Don't have any idea what is "to make it". My ex-band released through labels maybe perhaps 5000-10000 copies of different records through 3 albums (Demo, EP, Split) and toured few festivals internationally. Being part of the underground metal scene, some of the releases did achieve some sort of "underground fame" in a sense that I saw someone pay over $100 for one of our CDs on eBay because the label we were on ceased to exist and all the releases on that label were hard to get since no reprints were possible and many of the releases ended up being "collectors items".

There was no big money involved, but at least we did not put our own money into it: the labels we were on paid for our recording fees, mastering etc. Usually the labels released like 2000 copies of the record: they would send us like 100 copies for free to distribute/sell/whatever, so it was a win/win situation for all.

I really liked the underground scene, knew lots of bands personally and it had a very strong DIY.

Then again, we fell of the map, if you do not release material ( let us say ) every 2-5 years or even a song or two you get forgotten quite fast. After 5 years of hiatus we just disbanded without officially ever splitting up.

I personally am learning audioengineering at the moment and have huge bulk of material in terms of raw demos, guitar pro files, whatever, but to achieve any sort of "good" sound "at home" just seems unachievable for me at the moment. I have produced several raw demos on my own, but they sound more like song you take with yourself to a real studio and record them all over again.

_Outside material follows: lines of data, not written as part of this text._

lemma i_op_anticommute:
  assumes f: "lin_functional f" and g: "lin_functional g"
  shows "i_op f (i_op g z) = - i_op g (i_op f z)"
proof (induction z rule: tens_induct)
  case (emb y z)
  then show ?case
    by (simp add: i_op_emb_tmult[OF f] i_op_emb_tmult[OF g] i_op_diff[OF f] i_op_diff[OF g]
        i_op_smul[OF f] i_op_smul[OF g] tmult_diff_right tmult_minus_right)
qed (simp_all add: f g i_op_add i_op_smul smul_add_right smul_minus_one[symmetric])

text \<open>
  The recursion for \<open>i\<^sub>f\<close> only peels off left factors, so right multiplication by a
  generator \<open>y\<close> with \<open>f(y) = 0\<close> is handled by induction on the left factor.
\<close>
lemma i_op_tmult_subalg_gen:
  assumes f: "lin_functional f" and S: "\<And>y. y \<in> S \<Longrightarrow> f y = 0" and w: "w \<in> subalg_gen S"
  shows "i_op f (u \<otimes>\<^sub>T w) = i_op f u \<otimes>\<^sub>T w"
  using w
proof (induction w arbitrary: u rule: subalg_gen.induct)
  case (gen y)
  show ?case
  proof (induction u rule: tens_induct)
    case one
    show ?case using i_op_emb_tmult[OF f, of y tone] S[OF gen] f by simp
  next
    case (emb z u)
    then show ?case
      by (simp add: i_op_emb_tmult[OF f] tmult_assoc tmult_diff_left tmult_smul_left)
  qed (simp_all add: f i_op_add i_op_smul tmult_add_left tmult_smul_left)
next
  case (mult v v')
  then show ?case by (simp add: tmult_assoc[symmetric])
qed (simp_all add: f i_op_add i_op_smul tmult_add_right tmult_smul_right)

lemma i_op_subalg_gen_eq_0:
  assumes f: "lin_functional f" and S: "\<And>y. y \<in> S \<Longrightarrow> f y = 0" and w: "w \<in> subalg_gen S"
  shows "i_op f w = 0"
  using i_op_tmult_subalg_gen[OF f S w, of tone] f by simp

definition lambda_gen ::
    "(('b, 'k::field) vec \<Rightarrow> ('b, 'k) vec \<Rightarrow> 'k) \<Rightarrow> ('b, 'k) vec \<Rightarrow> ('b, 'k) tens \<Rightarrow> ('b, 'k) tens" where
  "lambda_gen F x t = emb x \<otimes>\<^sub>T t + i_op (F x) t"

definition is_Lambda ::
    "(('b, 'k::field) vec \<Rightarrow> ('b, 'k) vec \<Rightarrow> 'k) \<Rightarrow> (('b, 'k) tens \<Rightarrow> ('b, 'k) tens \<Rightarrow> ('b, 'k) tens) \<Rightarrow> bool" where
  "is_Lambda F \<Lambda> \<longleftrightarrow> unital_alg_hom \<Lambda> \<and> (\<forall>x. \<Lambda> (emb x) = lambda_gen F x)"

lemma Lambda_eq_The_is_Lambda: "Lambda F = (THE \<Lambda>. is_Lambda F \<Lambda>)"
  unfolding Lambda_def is_Lambda_def lambda_gen_def e_op_def iF_op_def ..

lemma is_Lambda_unique:
  assumes "is_Lambda F A" "is_Lambda F B"
  shows "A = B"
proof
  fix u
  show "A u = B u"
    using assms unfolding is_Lambda_def unital_alg_hom_def
    by (induction u rule: tens_induct) simp_all
qed

fun lambda_word ::
    "(('b, 'k::field) vec \<Rightarrow> ('b, 'k) vec \<Rightarrow> 'k) \<Rightarrow> 'b list \<Rightarrow> ('b, 'k) tens \<Rightarrow> ('b, 'k) tens" where
  "lambda_word F [] = id"
| "lambda_word F (b # w) = lambda_gen F (Poly_Mapping.single b 1) \<circ> lambda_word F w"

lemma lambda_word_append: "lambda_word F (a @ b) = lambda_word F a \<circ> lambda_word F b"
  by (induction a) auto

context
  fixes F :: "('b, 'k::field) vec \<Rightarrow> ('b, 'k) vec \<Rightarrow> 'k"
  assumes F: "bilinear_form F"
begin

lemma lin_map_lambda_gen: "lin_map (lambda_gen F x)"
  using lin_map_i_op[OF bilinear_form_right[OF F]]
  unfolding lin_map_def lambda_gen_def by (simp add: tmult_add_right tmult_smul_right smul_add_right)

lemma lambda_gen_add: "lambda_gen F (x + y) t = lambda_gen F x t + lambda_gen F y t"
  using i_op_functional_add[OF bilinear_form_right[OF F] bilinear_form_right[OF F], of x y]
  by (simp add: lambda_gen_def bilinear_form_add_left[OF F] emb_add tmult_add_left)

lemma lambda_gen_smul: "lambda_gen F (smul c x) t = smul c (lambda_gen F x t)"
  using i_op_functional_scale[OF bilinear_form_right[OF F], of c x]
  by (simp add: lambda_gen_def bilinear_form_smul_left[OF F] emb_smul tmult_smul_left smul_add_right)

lemma lin_map_lambda_word: "lin_map (lambda_word F w)"
  by (induction w) (auto simp: lin_map_def lin_map_add[OF lin_map_lambda_gen] lin_map_smul[OF lin_map_lambda_gen])

definition Lambda_ext :: "('b, 'k) tens \<Rightarrow> ('b, 'k) tens \<Rightarrow> ('b, 'k) tens" where
  "Lambda_ext u t = lin_ext (\<lambda>w. lambda_word F w t) u"

lemma lin_map_Lambda_ext: "lin_map (Lambda_ext u)"
  unfolding lin_map_def Lambda_ext_def
  by (simp add: lin_map_add[OF lin_map_lambda_word] lin_map_smul[OF lin_map_lambda_word]
      lin_ext_add_fun lin_ext_smul_fun)

lemma Lambda_ext_tmult: "Lambda_ext (u \<otimes>\<^sub>T v) t = Lambda_ext u (Lambda_ext v t)"
proof (induction u rule: poly_mapping_single_induct)
  case (single a c)
  note lin = lin_map_Lambda_ext[of "Poly_Mapping.single a c"]
  show ?case
  proof (induction v rule: poly_mapping_single_induct)
    case zero then show ?case using lin_map_zero[OF lin] by (simp add: Lambda_ext_def)
  next
    case (add v1 v2) then show ?case using lin_map_add[OF lin] by (simp add: Lambda_ext_def tmult_add_right lin_ext_add)
  next
    case (single b d)
    show ?case using lin_map_smul[OF lin_map_lambda_word]
      by (simp add: Lambda_ext_def tmult_single lin_ext_single lambda_word_append mult.commute)
  qed
qed (simp_all add: Lambda_ext_def tmult_add_left lin_ext_add)

lemma Lambda_ext_emb: "Lambda_ext (emb x) t = lambda_gen F x t"
proof (induction x rule: poly_mapping_single_induct)
  case zero
  show ?case using lambda_gen_add[of 0 0 t] by (simp add: Lambda_ext_def)
next
  case (add x y) then show ?case by (simp add: Lambda_ext_def emb_add lin_ext_add lambda_gen_add)
next
  case (single b c)
  have "lambda_gen F (Poly_Mapping.single b c) t = smul c (lambda_gen F (Poly_Mapping.single b 1) t)"
    using lambda_gen_smul by (metis single_eq_smul_single_one)
  then show ?case by (simp add: Lambda_ext_def emb_single lin_ext_single)
qed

It kinda sucks that being a studio musician for many years you realize that you do not know actually anything about mixing, mastering, recording or what kind of mics you need to "achieve that sound" etc.

It was much easier just for the whole band to book a studio, go record your instrument drink few beers and go home and never gave any second thought to it.

how tf is this pretentious

Idk, my psychedelic pop and ambient projects have been posted on this board and I along with some others think it's mediocre but the attention y'all have given somehow makes me want to try at this more and maybe something great can come out of it. I'll give it a shot Yea Forums

yeah and then your wife dies and you get a new hotter one at the blink of an eye

>It was tiring trying to be a rock musician in a world that doesn't care about good sound anymore.

Are you kidding me?

which part do you dispute? People care less and less about music, people care less and less about sound fidelity, this is easily observable

You're implying that you're the only one who cares about good sound anymore.

i don't think he implied he was literally the only one who cares anymore, its a figure of speech you brainlet

At least my observation from metal scene which I have been into since 90s, the sound has gotten better.

Of course there are classic records from every era that many consider the "peak" in sound or something like that: everyone has their preferences, but I am talking the sound in overall.

Especially when it comes to extreme metal , many of the better bands went under the radar for long time, who had awesome songwriting, but the production was just so weak and horrible in many ways.

These days the sound quality has improved, accelerated quite fast, that even the shitty bands have pretty good production.

What I am missing especially from the 90s was the variety in sound and soundscape. These days the audiochiseling and various methods are perhaps are so standardized, perhaps the same programs are used, that the final product tend to sound the same in a sense that one would think they would have been recorded on a same studio.

I can pick up some good records from the 90s and instantly from the sound I could recognize what studio these guys probably used, many studios had their trademark sound. These days it all sounds the same.

link to some of your work?

fpbp
Fuck your integrity and fuck trying to please a few virgins on Yea Forums, that sweet cash is all that matters. If you have the opportunity to sell out then take it.